### [Assigned task]
Restate word for word the line with "using IH self by (intro mult_mono) auto" and all lines after it; please stop only at the end of the listing below.

### [Exercise input]
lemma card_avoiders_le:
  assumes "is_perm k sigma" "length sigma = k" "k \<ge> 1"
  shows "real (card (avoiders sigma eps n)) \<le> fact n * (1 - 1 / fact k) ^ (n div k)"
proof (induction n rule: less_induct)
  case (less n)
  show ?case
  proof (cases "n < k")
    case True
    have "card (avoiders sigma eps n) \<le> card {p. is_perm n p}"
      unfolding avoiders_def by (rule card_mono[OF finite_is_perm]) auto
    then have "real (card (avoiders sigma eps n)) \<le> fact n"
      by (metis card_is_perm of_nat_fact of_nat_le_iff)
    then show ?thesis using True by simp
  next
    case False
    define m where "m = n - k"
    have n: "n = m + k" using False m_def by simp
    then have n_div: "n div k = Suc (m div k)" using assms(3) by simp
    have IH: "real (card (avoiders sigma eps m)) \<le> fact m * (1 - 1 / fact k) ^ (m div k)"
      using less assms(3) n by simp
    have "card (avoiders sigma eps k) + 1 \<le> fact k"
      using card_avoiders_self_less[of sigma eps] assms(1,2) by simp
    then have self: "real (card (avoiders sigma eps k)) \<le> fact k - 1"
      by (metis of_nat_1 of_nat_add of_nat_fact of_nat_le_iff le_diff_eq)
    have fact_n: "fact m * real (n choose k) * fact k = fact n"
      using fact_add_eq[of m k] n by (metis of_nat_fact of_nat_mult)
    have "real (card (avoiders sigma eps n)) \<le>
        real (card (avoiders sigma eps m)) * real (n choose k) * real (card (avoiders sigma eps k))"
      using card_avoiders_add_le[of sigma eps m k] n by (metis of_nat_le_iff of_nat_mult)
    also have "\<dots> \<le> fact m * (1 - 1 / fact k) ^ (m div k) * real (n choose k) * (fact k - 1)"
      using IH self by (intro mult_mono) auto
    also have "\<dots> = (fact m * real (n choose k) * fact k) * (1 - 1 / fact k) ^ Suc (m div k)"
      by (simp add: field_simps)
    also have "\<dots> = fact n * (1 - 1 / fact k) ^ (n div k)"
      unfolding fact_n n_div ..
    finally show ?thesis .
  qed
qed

### [Problem solution]
      using IH self by (intro mult_mono) auto
    also have "\<dots> = (fact m * real (n choose k) * fact k) * (1 - 1 / fact k) ^ Suc (m div k)"
      by (simp add: field_simps)
    also have "\<dots> = fact n * (1 - 1 / fact k) ^ (n div k)"
      unfolding fact_n n_div ..
    finally show ?thesis .
  qed
qed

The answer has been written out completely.